The second one is a better example; at CLIP skip 1 the model failed to pick up on the arms behind back in the prompt, but it followed it correctly at CLIP skip 2.

sayakpaul commented 1 year ago

Is this specific to anime models only? How does this approach generalize to other kinds of models?

The solution shown in the OP seems like the best approach as we cannot really change things at the end of transformers.

If we can see some diverse and varied examples where using CLIP Skip has been truly crucial, I think the original solution proposed in the OP could be directly incorporated.

patrickvonplaten commented 1 year ago

Do you have any reproducible code @neggles ?

neggles commented 1 year ago

Sorry for the slow reply, have a lot of irons in the fire 😅

Is this specific to anime models only? How does this approach generalize to other kinds of models?

It's most effective for anime models, since they were largely trained using the penultimate layer states, but the same approach works just fine on base SD1.5 (albeit with rather mixed results) as well as on models like OpenJourney v4:

portrait of a girl, long blonde hair, white off shoulder dress, gold trim, digital art, chiaroscuro, light particles, cinematic light, dramatic, greg rutkowski, looking at viewer, masterpiece, intricate, best quality, fine detail, artgerm, outdoors, forest
Negative: bad artist, bad quality, monochrome, blurry, bad hands, low quality, jpeg artifacts
576x640, DPMSolverSinglestepScheduler with karras sigmas, 21 steps, CFG at 7.75, seed of 3134342485.

(This was generated using A1111, but the Diffusers outputs should be similar)

It's also worth noting that SD2.1 was trained entirely using CLIP penultimate layer states (on an unfortunately undertrained text encoder, but that's beside the point).

Do you have any reproducible code @neggles ?

My implementation of the solution OP proposed is used in my AnimateDiff fork - seems to work fine. It's almost a straight copy, but I tried to stick a little closer to the existing Diffusers code style. I just instantiate the pipeline by loading the CLIPSkipTextModel manually then passing it to StableDiffusionPipeline() (or in that particular case the animatediff version, but the concept is the same)

tl;dr yeah, it's primarily an anime model thing, but it just comes down to how the model was trained, and an awful lot of models - even realism-focused ones - are based off anime models / trained with CLIP penultimate layer states. It's really just another tweakable knob 🤷

sayakpaul commented 1 year ago

@neggles what about the other inference time parameters?

Scheduler
Number of inference steps

etc.?

mudler commented 1 year ago

very interested in this - I'm struggling currently to get this to work with single_files checkpoints.

mudler commented 1 year ago

Hey @NormXU, you could also just do the following no:
# we skip one layer of the encoder
text_encoder = CLIPTextModel.from_pretrained("runwayml/stable-diffusion-v1-5", subfolder="text_encoder", num_hidden_layers=11, torch_dtype=torch.float16)

controlnet = ControlNetModel.from_pretrained(checkpoint, torch_dtype=torch.float16)
By loading the text encoder only with 11 layers you are skipping the final layer.

while this seem to work, the problem of this approach is that one has to guess how many layers there are, and as far my knowledge of python goes (not that much) couldn't find a proper way to do so.

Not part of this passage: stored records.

lemma ring_embedding_poly_subst:
  assumes "\<And>j. poly_subst s' (s j) = Var j"
  shows "ring_embedding (poly_subst s)"
proof -
  have "poly_subst s' (poly_subst s p) = p" for p
    by (simp add: poly_subst_poly_subst assms)
  then show ?thesis
    by unfold_locales (simp_all add: poly_subst_add poly_subst_mult, metis poly_subst_0)
qed

lemma ring_embedding_shiftp: "ring_embedding (shiftp v :: 'k::field kpoly \<Rightarrow> _)"
  unfolding shiftp_eq_poly_subst
  by (rule ring_embedding_poly_subst[where s'="\<lambda>j. Var j + constp (of_int (- v j))"])
     (simp add: poly_subst_add flip: constp_add)

lemma shiftf_RF: "x \<in> RF m \<Longrightarrow> shiftf v x \<in> RF m"
  unfolding shiftf_eq_fract_map
proof (rule fract_map_RF[OF ring_embedding_shiftp])
  fix p :: "'k::field kpoly"
  assume "vars p \<subseteq> {0..m}"
  then show "vars (shiftp v p) \<subseteq> {0..m}"
    unfolding shiftp_eq_poly_subst
    by (intro vars_poly_subst vars_add_subset) (use vars_Var in auto)
qed

definition qscale :: "rat \<Rightarrow> (nat \<Rightarrow> rat) \<Rightarrow> nat \<Rightarrow> rat" where
  "qscale c v = (\<lambda>j. c * v j)"

lemma qscale_apply [simp]: "qscale c v j = c * v j"
  by (simp add: qscale_def)

interpretation qvec: vector_space qscale
  by unfold_locales (simp_all add: fun_eq_iff qscale_def algebra_simps)

lemma sum_fun_apply: "(sum f A :: nat \<Rightarrow> rat) j = (\<Sum>k\<in>A. f k j)"
  by (induction A rule: infinite_finite_induct) simp_all
(* Let $C=(Q,\Sigma,\Psi)$ be a HMM over a finite profile language $\Gamma=\{\beta_1,\dots,\beta_K\}$ with labelling reduction $L=(Q,\hat\Sigma,\hat M)$. Then for any initial distributions $\pi_1,\pi_2$, $\pi_1\equiv_L\pi_2$ implies $\pi_1\equiv_C\pi_2$.
   Context: Let $(\Sigma,\mathscr{G},\lambda)$ be a measure space where $\Sigma$ is a topological space and every open subset belongs to $\mathscr{G}$ and has positive measure. A HMM is $(Q,\Sigma,\Psi)$ with $Q$ finite and $\Psi:\Sigma\to[0,\infty)^{|Q|\times|Q|}$ piecewise continuous (continuous on an open set $C'$ such that every point outside $C'$ is a limit of points $x_n\in C'$ with $\Psi(x_n)$ converging to its value) with $\int_\Sigma\Psi\,d\lambda$ stochastic. For an initial distribution $\pi$, $\mathbb{P}_\pi$ is the unique probability measure on $\Sigma^\omega$ with $\mathbb{P}_\pi(A\Sigma^\omega)=\pi\left(\int_A\Psi\,d\lambda^n\right)\mathbbm{1}^T$ for all cylinder sets $A=A_1\times\dots\times A_n\subseteq\Sigma^n$, where $\Psi(x_1\cdots x_n)=\Psi(x_1)\cdots\Psi(x_n)$ and $\lambda^n$ is the product measure; $\pi_1\equiv_C\pi_2$ means $\mathbb{P}_{\pi_1}=\mathbb{P}_{\pi_2}$. For a finite observation set with counting measure, $\Psi$ is just a family of matrices $\Psi(a)$ with $\sum_a\Psi(a)$ stochastic. Profiles $\gamma$ encode functions $[\![\gamma]\!]:\Sigma\to[0,\infty)$. $C$ is over $\Gamma$ if $\Psi$ is given as a matrix whose entries are $0$ or pairs $(p_{i,j},\gamma_{i,j})\in\mathbb{Q}_+\times\Gamma$ with $\Psi_{i,j}=p_{i,j}[\![\gamma_{i,j}]\!]$ and $\int_\Sigma[\![\gamma_{i,j}]\!]d\lambda=1$. The labelling reduction is the finite-observation HMM $(Q,\hat\Sigma,\hat M)$ with $\hat\Sigma=\{a_1,\dots,a_K\}$ fresh letters and $\hat M_{i,j}(a_k)=p_{i,j}$ if $\gamma_{i,j}=\beta_k$ and $0$ otherwise. *)

theory Defs
  imports "HOL-Probability.Probability"
begin
text \<open>The comparison function for the Riccati inequality: the cubic with
  derivative \<open>(1 - t\<^sup>2) - p (t - c)\<^sup>2\<close> vanishing at \<open>t = c\<close>.\<close>
definition comparison_cubic :: "real \<Rightarrow> real \<Rightarrow> real \<Rightarrow> real" where
  "comparison_cubic p c t = t - t ^ 3 / 3 - p * (t - c) ^ 3 / 3 - (c - c ^ 3 / 3)"

lemma comparison_cubic_has_derivative:
  "(comparison_cubic p c has_real_derivative (1 - t\<^sup>2) - p * (t - c)\<^sup>2) (at t)"
  unfolding comparison_cubic_def by (auto intro!: derivative_eq_intros simp: power2_eq_square)

text \<open>The choice \<open>c = (p - 2)/(p + 2)\<close> is exactly the one making \<open>Q(1) < 0\<close> for \<open>p > 2\<close>: one has
  \<open>3 Q(1) = (1 - c)\<^sup>2 (3 - (p + 1)(1 - c))\<close> and \<open>(p + 1)(1 - c) = 4 (p + 1)/(p + 2) > 3\<close>.\<close>
lemma comparison_cubic_negative_at_1:
  fixes p :: real
  assumes "p > 2"
  shows "comparison_cubic p ((p - 2) / (p + 2)) 1 < 0"
proof -
  define c where "c = (p - 2) / (p + 2)"
  have c: "0 < c" "c < 1" using assms by (auto simp: c_def field_simps)
  have "(1 - c) * (p + 2) = 4" using assms by (simp add: c_def field_simps)
  then have "3 * (p + 2) < ((p + 1) * (1 - c)) * (p + 2)"
    unfolding mult.assoc using assms by simp
  then have "3 < (p + 1) * (1 - c)" by (rule mult_right_less_imp_less) (use assms in simp)
  then have "(1 - c)\<^sup>2 * (3 - (p + 1) * (1 - c)) < 0" using c by (intro mult_pos_neg) auto
  moreover have "comparison_cubic p c 1 = (1 - c)\<^sup>2 * (3 - (p + 1) * (1 - c)) / 3"
    by (simp add: comparison_cubic_def field_simps power2_eq_square power3_eq_cube)
  ultimately show ?thesis by (simp add: c_def)
qed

neggles commented 1 year ago

@sayakpaul see last line of code block - 576x640, DPMSolverSinglestepScheduler with karras sigmas, 21 steps, CFG at 7.75, seed of 3134342485. 😉

patrickvonplaten commented 1 year ago

This feature does seem to be requested quite a bit now - design-wise we have three options:

1. Add a method to from_pretrained(...) => :no_entry_sign: because pipeline from pretrained should only be for components
1. Add it to the config => :no_entry_sign: because it would forbid users to use it during inference and it seems like even if models are trained with clip skip some people want to use it
1. Add it as an argument to __call__ => don't think that's a good idea because clip_skip is very rarely switched for inference
1. Add a setter method:

def set_clip_output_layer(output_layer_idx: int):
 pass

which would allow the user to do:

pipe = DiffusionPipeline.from_pretrained("...")
pipe.set_clip_output_layer(...)

=> This would be a relatively simply PR where we only have to add the function to one SD pipeline and can then copy it to all other pipelines.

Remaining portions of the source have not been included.